=== Begin Enclosure ===

(* A unicyclic graph that has a vertex of degree at least four, or that has a vertex of degree three not contained in its cycle, is not in $\mathcal{G}^{\rm SSP}$.
   Context: All graphs are finite, simple, undirected. A unicyclic graph is a connected graph containing exactly one cycle. For a graph $G$ on $\{1,\ldots,n\}$, $\mathcal{S}(G)$ is the set of real symmetric $n\times n$ matrices $A=(a_{ij})$ with $a_{ij}\neq0$ iff $\{i,j\}\in E(G)$ for $i\neq j$ (diagonal arbitrary). A real symmetric $A$ has the strong spectral property (SSP) if the only real symmetric $X$ with $A\circ X=0$, $I\circ X=0$, $AX-XA=0$ is $X=0$ ($\circ$ = entrywise product). $\mathcal{G}^{\rm SSP}$ is the set of graphs $G$ such that every matrix in $\mathcal{S}(G)$ has the SSP. *)

theory Defs
  imports "HOL-Analysis.Analysis"
begin

definition simple_graph :: "('n::finite \<Rightarrow> 'n \<Rightarrow> bool) \<Rightarrow> bool" where
  "simple_graph E \<longleftrightarrow> (\<forall>u v. E u v \<longrightarrow> E v u) \<and> (\<forall>v. \<not> E v v)"

definition connected_graph :: "('n::finite \<Rightarrow> 'n \<Rightarrow> bool) \<Rightarrow> bool" where
  "connected_graph E \<longleftrightarrow> (\<forall>u v. E\<^sup>*\<^sup>* u v)"

definition degree :: "('n::finite \<Rightarrow> 'n \<Rightarrow> bool) \<Rightarrow> 'n \<Rightarrow> nat" where
  "degree E v = card {u. E v u}"

definition cycle_list :: "('n::finite \<Rightarrow> 'n \<Rightarrow> bool) \<Rightarrow> 'n list \<Rightarrow> bool" where
  "cycle_list E vs \<longleftrightarrow> length vs \<ge> 3 \<and> distinct vs \<and>
     (\<forall>i < length vs. E (vs ! i) (vs ! ((i + 1) mod length vs)))"

definition cycle_edges :: "'n list \<Rightarrow> 'n set set" where
  "cycle_edges vs = {{vs ! i, vs ! ((i + 1) mod length vs)} | i. i < length vs}"

text \<open>The cycles of G (as subgraphs, identified by their edge sets).\<close>
definition cycles :: "('n::finite \<Rightarrow> 'n \<Rightarrow> bool) \<Rightarrow> 'n set set set" where
  "cycles E = {cycle_edges vs | vs. cycle_list E vs}"

definition unicyclic :: "('n::finite \<Rightarrow> 'n \<Rightarrow> bool) \<Rightarrow> bool" where
  "unicyclic E \<longleftrightarrow> connected_graph E \<and> card (cycles E) = 1"

definition on_cycle :: "('n::finite \<Rightarrow> 'n \<Rightarrow> bool) \<Rightarrow> 'n \<Rightarrow> bool" where
  "on_cycle E v \<longleftrightarrow> (\<exists>vs. cycle_list E vs \<and> v \<in> set vs)"

definition S_graph :: "('n::finite \<Rightarrow> 'n \<Rightarrow> bool) \<Rightarrow> (real^'n^'n) set" where
  "S_graph E = {A. transpose A = A \<and> (\<forall>i j. i \<noteq> j \<longrightarrow> (A $ i $ j \<noteq> 0 \<longleftrightarrow> E i j))}"

definition SSP :: "real^'n^'n \<Rightarrow> bool" where
  "SSP A \<longleftrightarrow> (\<forall>X :: real^'n^'n. transpose X = X \<and>
      (\<forall>i j. A $ i $ j * X $ i $ j = 0) \<and> (\<forall>i. X $ i $ i = 0) \<and>
      A ** X - X ** A = 0 \<longrightarrow> X = 0)"

definition G_SSP :: "('n::finite \<Rightarrow> 'n \<Rightarrow> bool) \<Rightarrow> bool" where
  "G_SSP E \<longleftrightarrow> (\<forall>A \<in> S_graph E. SSP A)"

end

(*
  If a vertex v has two neighbours in a vertex set Y that is joined to the rest of the graph
  only through v, then the vector that is 1 on Y, except for the value 1 - k at one such
  neighbour (k the number of neighbours of v in Y), has vanishing neighbour sums at every
  vertex outside Y. Given two such sets Y and Z, disjoint and without edges between them, with
  vectors y and z, the diagonal of the matrix A in S(G) with unit entries on the edges can be
  chosen so that A y = A z = 0. Then X = y z^T + z y^T is a nonzero symmetric matrix with zero
  diagonal that vanishes on the edges and satisfies A X = X A = 0, so A fails the SSP.

  In a unicyclic graph such sets are components of G - v. If v lies on the cycle and has
  degree at least 4, Z is the component containing both cycle neighbours of v and Y consists
  of the components of two further neighbours, which lie outside Z since otherwise an edge
  at v would close a second cycle. If v is off the cycle and has degree at least 3, Y consists
  of the components at two neighbours not leading to the cycle, and Z is the component of
  G - w containing the rest of the cycle, where w is the vertex at which a walk from v first
  meets the cycle.
*)

theory Submission
  imports Defs "HOL-Library.Transitive_Closure_Table"
begin

section \<open>Matrices without the strong spectral property\<close>

definition graph_matrix :: "('n::finite \<Rightarrow> 'n \<Rightarrow> bool) \<Rightarrow> ('n \<Rightarrow> real) \<Rightarrow> real^'n^'n" where
  "graph_matrix E d = (\<chi> i j. if i = j then d i else if E i j then 1 else 0)"

lemma graph_matrix_in_S_graph:
  assumes "simple_graph E"
  shows "graph_matrix E d \<in> S_graph E"
  using assms by (auto simp: S_graph_def simple_graph_def graph_matrix_def transpose_def vec_eq_iff)

lemma graph_matrix_mult_vec_nth:
  assumes "simple_graph E"
  shows "(graph_matrix E d *v y) $ i = d i * y $ i + (\<Sum>k | E i k. y $ k)"
proof -
  have "(graph_matrix E d *v y) $ i
      = (\<Sum>k\<in>UNIV. (if k = i then d i * y $ i else 0) + (if E i k then y $ k else 0))"
    using assms unfolding matrix_vector_mult_def vec_lambda_beta simple_graph_def
    by (intro sum.cong) (auto simp: graph_matrix_def)
  then show ?thesis
    by (simp add: sum.distrib sum.inter_filter[symmetric])
qed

=== End Enclosure ===

WORK TO BE COMPLETED | In the entries above, one line contains "theory Submission" and another contains "d \<in> S_graph". Reproduce exactly those two lines and the lines between them, nothing else.

SOLUTION TO THIS PROBLEM |
theory Submission
  imports Defs "HOL-Library.Transitive_Closure_Table"
begin

section \<open>Matrices without the strong spectral property\<close>

definition graph_matrix :: "('n::finite \<Rightarrow> 'n \<Rightarrow> bool) \<Rightarrow> ('n \<Rightarrow> real) \<Rightarrow> real^'n^'n" where
  "graph_matrix E d = (\<chi> i j. if i = j then d i else if E i j then 1 else 0)"

lemma graph_matrix_in_S_graph:
  assumes "simple_graph E"
  shows "graph_matrix E d \<in> S_graph E"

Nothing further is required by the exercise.